AI platform for drug discovery cuts screening time from years to seconds

China has unveiled an artificial intelligence platform for drug discovery that can screen a vast library of chemical compounds, cutting the initial drug screening phase from months or years down to tens of seconds. Developers said they expected the system to provide a novel method for identifying lead molecules to treat tumors, neurodegenerative conditions, rare diseases and emerging infectious diseases, as well as possibly speeding up drug research during public health crises. Called GalaxyVS, the platform is powered by China’s new generation of Tianhe supercomputers.

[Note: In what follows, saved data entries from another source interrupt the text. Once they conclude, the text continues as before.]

lemma summable_on_reindex_vanishing:
  assumes "inj h" "\<And>m. m \<notin> range h \<Longrightarrow> g m = 0"
  shows "(\<lambda>k. g (h k)) summable_on UNIV \<longleftrightarrow> g summable_on UNIV"
  unfolding summable_on_def using has_sum_reindex_vanishing[of h g, OF assms] by blast

lemma has_sum_int_split_nat:
  fixes g :: "int \<Rightarrow> 'a::banach"
  defines "pos \<equiv> \<lambda>k::nat. if k = 0 then 0 else g (int k)"
    and "nonpos \<equiv> \<lambda>k::nat. g (- int k)"
  assumes abs: "(\<lambda>m. norm (g m)) summable_on UNIV"
  shows "summable (\<lambda>k. norm (pos k))" "summable (\<lambda>k. norm (nonpos k))"
    and "(g has_sum (suminf pos + suminf nonpos)) UNIV"
proof -
  define gpos where "gpos = (\<lambda>m. if 0 < m then g m else 0)"
  define gnonpos where "gnonpos = (\<lambda>m. if m \<le> 0 then g m else 0)"
  have inj: "inj (int :: nat \<Rightarrow> int)" "inj (\<lambda>k::nat. - int k)"
    by (auto simp: inj_def)
  have pos_eq: "pos = (\<lambda>k. gpos (int k))" and nonpos_eq: "nonpos = (\<lambda>k. gnonpos (- int k))"
    by (auto simp: pos_def gpos_def nonpos_def gnonpos_def)
  have out: "gpos m = 0" if "m \<notin> range int" for m
    using that by (auto simp: gpos_def) (metis nonneg_int_cases rangeI less_le_not_le)
  have out': "gnonpos m = 0" if "m \<notin> range (\<lambda>k::nat. - int k)" for m
    using that unfolding gnonpos_def by (auto simp: image_iff) (metis minus_minus nonneg_int_cases neg_0_le_iff_le)
  have "(\<lambda>m. norm (gpos m)) summable_on UNIV" "(\<lambda>m. norm (gnonpos m)) summable_on UNIV"
    by (rule summable_on_comparison_test[OF abs]; simp add: gpos_def gnonpos_def)+
  then have "(\<lambda>k. norm (pos k)) summable_on UNIV" "(\<lambda>k. norm (nonpos k)) summable_on UNIV"
    unfolding pos_eq nonpos_eq
    by (subst summable_on_reindex_vanishing[OF inj(1)] summable_on_reindex_vanishing[OF inj(2)];
        simp add: out out')+
  then show sp: "summable (\<lambda>k. norm (pos k))" and sn: "summable (\<lambda>k. norm (nonpos k))"
    by (simp_all add: summable_on_UNIV_nonneg_real_iff)
  have "(pos has_sum suminf pos) UNIV" "(nonpos has_sum suminf nonpos) UNIV"
    using sp sn by (auto intro!: norm_summable_imp_has_sum summable_sums summable_norm_cancel)
  then have "(gpos has_sum suminf pos) UNIV" "(gnonpos has_sum suminf nonpos) UNIV"
    unfolding pos_eq nonpos_eq
    by (simp_all add: has_sum_reindex_vanishing[OF inj(1)] has_sum_reindex_vanishing[OF inj(2)] out out')
  then have "((\<lambda>m. gpos m + gnonpos m) has_sum (suminf pos + suminf nonpos)) UNIV"
    by (rule has_sum_add)
  moreover have "(\<lambda>m. gpos m + gnonpos m) = g"
    by (auto simp: gpos_def gnonpos_def)
  ultimately show "(g has_sum (suminf pos + suminf nonpos)) UNIV" by simp
qed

Its daily throughput in predicting how two or more molecules interact is six orders of magnitude higher – or a million times faster – than the existing world record for supercomputing molecular docking. The breakthrough was announced by the National Supercomputing Center in Tianjin, which developed the platform in collaboration with a team from Tsinghua University’s Institute for AI Industry Research.

The Tsinghua team brought in DrugCLIP, their ultra-fast virtual screening method that was documented in the leading peer-reviewed publication Science in January. In the latest development, the supercomputing team optimized the DrugCLIP model by leveraging the massive parallel processing capability of the new-generation Tianhe supercomputer to achieve super-fast results. According to Li Peishun, Researcher at the National Supercomputer Center, “GalaxyVS is not simply an amplification of existing models”. Instead, it is “a complete platform that reconstructs a chemical space of nearly 100 billion elements, integrating AI models, supercomputing, high-performance retrieval and medicinal chemistry”, Li explained. “This platform effectively addresses challenges in traditional drug discovery, including a scarcity of active molecules, an insufficient screening space and the homogenization of candidate molecules.”

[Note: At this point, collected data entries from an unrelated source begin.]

(* Let $D$ be a strongly oriented graph, with $n(D)$ vertices and $m(D)$ arcs. Then $\overrightarrow{hn}_{g}(D)\leq m(D)-n(D)+2$.
   Context: An oriented graph is a digraph obtained from a finite simple graph by orienting each edge in exactly one direction (so there are no loops and never both arcs $(u,v)$ and $(v,u)$). It is strongly oriented if for every ordered pair $u,v$ of distinct vertices there is a directed path from $u$ to $v$. The geodetic interval function $I_g$ on an oriented graph $D$ assigns to a pair $(u,v)$ the set of vertices lying on some shortest directed $(u,v)$-path or on some shortest directed $(v,u)$-path (this set contains $u$ and $v$). For $S\subseteq V(D)$, $I_g(S)=\bigcup_{u,v\in S}I_g(u,v)$; a set $C$ is convex if $I_g(C)=C$; the convex hull of $S$ is the smallest convex set containing $S$ (equivalently, the union of the iterates $I_g^k(S)$). A hull set is a set whose convex hull is $V(D)$, and $\overrightarrow{hn}_{g}(D)$ (the geodetic hull number) is the minimum size of a hull set of $D$. *)

theory Defs
  imports Main
begin

definition oriented_graph :: "'a set \<Rightarrow> ('a \<times> 'a) set \<Rightarrow> bool" where
  "oriented_graph V A \<longleftrightarrow> finite V \<and> A \<subseteq> V \<times> V
     \<and> (\<forall>u. (u, u) \<notin> A) \<and> (\<forall>u v. (u, v) \<in> A \<longrightarrow> (v, u) \<notin> A)"

definition dpath :: "('a \<times> 'a) set \<Rightarrow> 'a list \<Rightarrow> bool" where
  "dpath A p \<longleftrightarrow> p \<noteq> [] \<and> distinct p \<and> (\<forall>i. Suc i < length p \<longrightarrow> (p ! i, p ! Suc i) \<in> A)"

definition dpath_from_to :: "('a \<times> 'a) set \<Rightarrow> 'a \<Rightarrow> 'a \<Rightarrow> 'a list \<Rightarrow> bool" where
  "dpath_from_to A u v p \<longleftrightarrow> dpath A p \<and> hd p = u \<and> last p = v"

definition strongly_oriented :: "'a set \<Rightarrow> ('a \<times> 'a) set \<Rightarrow> bool" where
  "strongly_oriented V A \<longleftrightarrow> oriented_graph V A
     \<and> (\<forall>u\<in>V. \<forall>v\<in>V. u \<noteq> v \<longrightarrow> (\<exists>p. dpath_from_to A u v p))"

definition shortest_dpath :: "('a \<times> 'a) set \<Rightarrow> 'a \<Rightarrow> 'a \<Rightarrow> 'a list \<Rightarrow> bool" where
  "shortest_dpath A u v p \<longleftrightarrow> dpath_from_to A u v p
     \<and> (\<forall>q. dpath_from_to A u v q \<longrightarrow> length p \<le> length q)"

definition geo_interval :: "('a \<times> 'a) set \<Rightarrow> 'a \<Rightarrow> 'a \<Rightarrow> 'a set" where
  "geo_interval A u v = {w. \<exists>p. (shortest_dpath A u v p \<or> shortest_dpath A v u p) \<and> w \<in> set p}"

definition geo_interval_set :: "('a \<times> 'a) set \<Rightarrow> 'a set \<Rightarrow> 'a set" where
  "geo_interval_set A S = (\<Union>u\<in>S. \<Union>v\<in>S. geo_interval A u v)"

definition geo_convex :: "('a \<times> 'a) set \<Rightarrow> 'a set \<Rightarrow> bool" where
  "geo_convex A C \<longleftrightarrow> geo_interval_set A C = C"

definition geo_hull :: "'a set \<Rightarrow> ('a \<times> 'a) set \<Rightarrow> 'a set \<Rightarrow> 'a set" where
  "geo_hull V A S = \<Inter>{C. S \<subseteq> C \<and> C \<subseteq> V \<and> geo_convex A C}"

definition geo_hull_set :: "'a set \<Rightarrow> ('a \<times> 'a) set \<Rightarrow> 'a set \<Rightarrow> bool" where
  "geo_hull_set V A S \<longleftrightarrow> S \<subseteq> V \<and> geo_hull V A S = V"

definition geo_hull_number :: "'a set \<Rightarrow> ('a \<times> 'a) set \<Rightarrow> nat" where
  "geo_hull_number V A = (LEAST k. \<exists>S. geo_hull_set V A S \<and> card S = k)"

end

theory Submission
  imports Defs
begin

text \<open>Grow a hull set one vertex at a time, starting from a single vertex, while maintaining
  the invariant |S| + |H| \<le> m(H) + 2 for the hull H of S, where m(H) counts the arcs inside H.
  If H \<noteq> V, strong connectivity yields an arc (h, w) leaving H; put w into S. In the new
  hull H', convexity keeps the first arc of a shortest (x, h)-path inside H' for every
  x \<in> H' - H. These arcs have pairwise different tails outside H, so together with (h, w) they
  add at least 1 + |H' - H| arcs, which pays for the new vertex of S and the new vertices
  of the hull.\<close>

lemma dpath_set_subset:
  assumes "A \<subseteq> V \<times> V" "dpath A p" "hd p \<in> V"
  shows "set p \<subseteq> V"
proof
  fix w assume "w \<in> set p"
  then obtain i where i: "i < length p" "w = p ! i" by (metis in_set_conv_nth)
  show "w \<in> V"
  proof (cases i)
    case 0
    then show ?thesis using i assms(2,3) by (simp add: dpath_def hd_conv_nth)
  next
    case (Suc j)
    then have "(p ! j, p ! i) \<in> A" using assms(2) i unfolding dpath_def by auto
    then show ?thesis using assms(1) i by auto
  qed
qed

lemma shortest_dpath_self_iff: "shortest_dpath A u u p \<longleftrightarrow> p = [u]"
proof -
  have single: "dpath_from_to A u u [u]"
    by (simp add: dpath_from_to_def dpath_def)
  have "p = [u]" if "shortest_dpath A u u p"
  proof -
    have "length p \<le> 1" using that single unfolding shortest_dpath_def by force
    moreover have "p \<noteq> []" "hd p = u"
      using that by (auto simp: shortest_dpath_def dpath_from_to_def dpath_def)
    ultimately show ?thesis by (cases p) auto
  qed
  moreover have "shortest_dpath A u u [u]"
    using single by (auto simp: shortest_dpath_def dpath_from_to_def dpath_def Suc_le_eq)
  ultimately show ?thesis by blast
qed

lemma geo_interval_self: "geo_interval A u u = {u}"
  by (auto simp: geo_interval_def shortest_dpath_self_iff)

lemma geo_interval_subset:
  assumes "A \<subseteq> V \<times> V" "u \<in> V" "v \<in> V"
  shows "geo_interval A u v \<subseteq> V"
  using assms dpath_set_subset[OF assms(1)]
  unfolding geo_interval_def shortest_dpath_def dpath_from_to_def by blast

lemma subset_geo_interval_set: "S \<subseteq> geo_interval_set A S"
proof
  fix x assume "x \<in> S"
  moreover have "x \<in> geo_interval A x x" by (simp add: geo_interval_self)
  ultimately show "x \<in> geo_interval_set A S" unfolding geo_interval_set_def by blast
qed

lemma geo_convex_iff_subset: "geo_convex A C \<longleftrightarrow> geo_interval_set A C \<subseteq> C"
  using subset_geo_interval_set[of C A] by (auto simp: geo_convex_def)

lemma geo_convex_vertices:
  assumes "A \<subseteq> V \<times> V"
  shows "geo_convex A V"
  unfolding geo_convex_iff_subset geo_interval_set_def
  by (intro UN_least geo_interval_subset[OF assms])

lemma geo_convex_singleton: "geo_convex A {u}"
  by (simp add: geo_convex_def geo_interval_set_def geo_interval_self)

lemma geo_convex_Inter:
  assumes "\<And>C. C \<in> F \<Longrightarrow> geo_convex A C"
  shows "geo_convex A (\<Inter>F)"
  unfolding geo_convex_iff_subset geo_interval_set_def
proof (intro UN_least Inter_greatest)
  fix u v C assume "u \<in> \<Inter>F" "v \<in> \<Inter>F" "C \<in> F"
  then have "geo_interval A u v \<subseteq> geo_interval_set A C" unfolding geo_interval_set_def by blast
  also have "\<dots> \<subseteq> C" using assms[OF \<open>C \<in> F\<close>] by (simp add: geo_convex_def)
  finally show "geo_interval A u v \<subseteq> C" .
qed

lemma geo_convex_geo_hull: "geo_convex A (geo_hull V A S)"
  unfolding geo_hull_def by (rule geo_convex_Inter) auto

lemma subset_geo_hull: "S \<subseteq> geo_hull V A S"
  unfolding geo_hull_def by auto

lemma geo_hull_least: "S \<subseteq> C \<Longrightarrow> C \<subseteq> V \<Longrightarrow> geo_convex A C \<Longrightarrow> geo_hull V A S \<subseteq> C"
  unfolding geo_hull_def by blast

lemma geo_hull_subset: "A \<subseteq> V \<times> V \<Longrightarrow> S \<subseteq> V \<Longrightarrow> geo_hull V A S \<subseteq> V"
  by (rule geo_hull_least[OF _ order_refl geo_convex_vertices])

lemma geo_hull_mono: "S \<subseteq> T \<Longrightarrow> geo_hull V A S \<subseteq> geo_hull V A T"
  unfolding geo_hull_def by blast

lemma geo_hull_singleton: "u \<in> V \<Longrightarrow> geo_hull V A {u} = {u}"
  by (intro subset_antisym geo_hull_least subset_geo_hull geo_convex_singleton) auto

lemma shortest_dpath_exists:
  assumes "dpath_from_to A u v q"
  shows "\<exists>p. shortest_dpath A u v p"
  using ex_has_least_nat[of "dpath_from_to A u v" q length] assms
  unfolding shortest_dpath_def by blast

lemma geo_convex_shortest_dpath_subset:
  assumes "geo_convex A C" "u \<in> C" "v \<in> C" "shortest_dpath A u v p"
  shows "set p \<subseteq> C"
proof -
  have "set p \<subseteq> geo_interval A u v" using assms(4) unfolding geo_interval_def by blast
  also have "\<dots> \<subseteq> geo_interval_set A C" using assms(2,3) unfolding geo_interval_set_def by blast
  finally show ?thesis using assms(1) unfolding geo_convex_def by simp
qed

lemma nth_exit_index:
  assumes "p \<noteq> []" "P (hd p)" "\<not> P (last p)"
  shows "\<exists>i. Suc i < length p \<and> P (p ! i) \<and> \<not> P (p ! Suc i)"
  using assms
proof (induction p)
  case Nil
  then show ?case by simp
next
  case (Cons a p)
  have "p \<noteq> []" using Cons.prems by auto
  show ?case
  proof (cases "P (hd p)")
    case True
    have "\<not> P (last p)" using Cons.prems(3) \<open>p \<noteq> []\<close> by simp
    then obtain i where "Suc i < length p" "P (p ! i)" "\<not> P (p ! Suc i)"
      using Cons.IH[OF \<open>p \<noteq> []\<close> True] by blast
    then show ?thesis by (intro exI[of _ "Suc i"]) simp
  next
    case False
    have "P a" using Cons.prems(2) by simp
    then show ?thesis using False \<open>p \<noteq> []\<close> by (intro exI[of _ 0]) (simp add: hd_conv_nth)
  qed
qed

lemma strongly_oriented_arc_leaving:
  assumes so: "strongly_oriented V A" and "H \<subseteq> V" "u \<in> H" "v \<in> V - H"
  shows "\<exists>h\<in>H. \<exists>w\<in>V - H. (h, w) \<in> A"
proof -
  have arcs: "A \<subseteq> V \<times> V" using so by (simp add: strongly_oriented_def oriented_graph_def)
  have "u \<in> V" "u \<noteq> v" using assms(2-4) by auto
  then obtain p where p: "dpath_from_to A u v p"
    using so \<open>v \<in> V - H\<close> unfolding strongly_oriented_def by blast
  then obtain i where i: "Suc i < length p" "p ! i \<in> H" "p ! Suc i \<notin> H"
    using nth_exit_index[of p "\<lambda>x. x \<in> H"] assms(3,4) unfolding dpath_from_to_def dpath_def by auto
  moreover have "(p ! i, p ! Suc i) \<in> A" using i p unfolding dpath_from_to_def dpath_def by auto
  ultimately show ?thesis using arcs by blast
qed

Innovative drug research and development typically takes more than 10 years to yield results and could require investments in the billions of U.S. dollars. A critical initial phase in drug development involves sorting through immense volumes of compounds to pinpoint active molecules capable of binding to specific biological targets. But traditional experimental screening is costly and time-consuming and conventional methods of molecular docking are limited in their efficiency and have a high rate of false positives. As the library of synthesizable compounds grows to a scale of hundreds of billions or even trillions, existing virtual screening technologies face severe constraints in algorithms, computing power, storage and engineering capabilities. The system’s real-world tests showed that a single retrieval operation across a 100-billion-molecule library could be completed in less than a minute. Its massive efficiency is reflected in its daily throughput, which reaches 16 trillion molecular dockings, the South China Morning Post reports.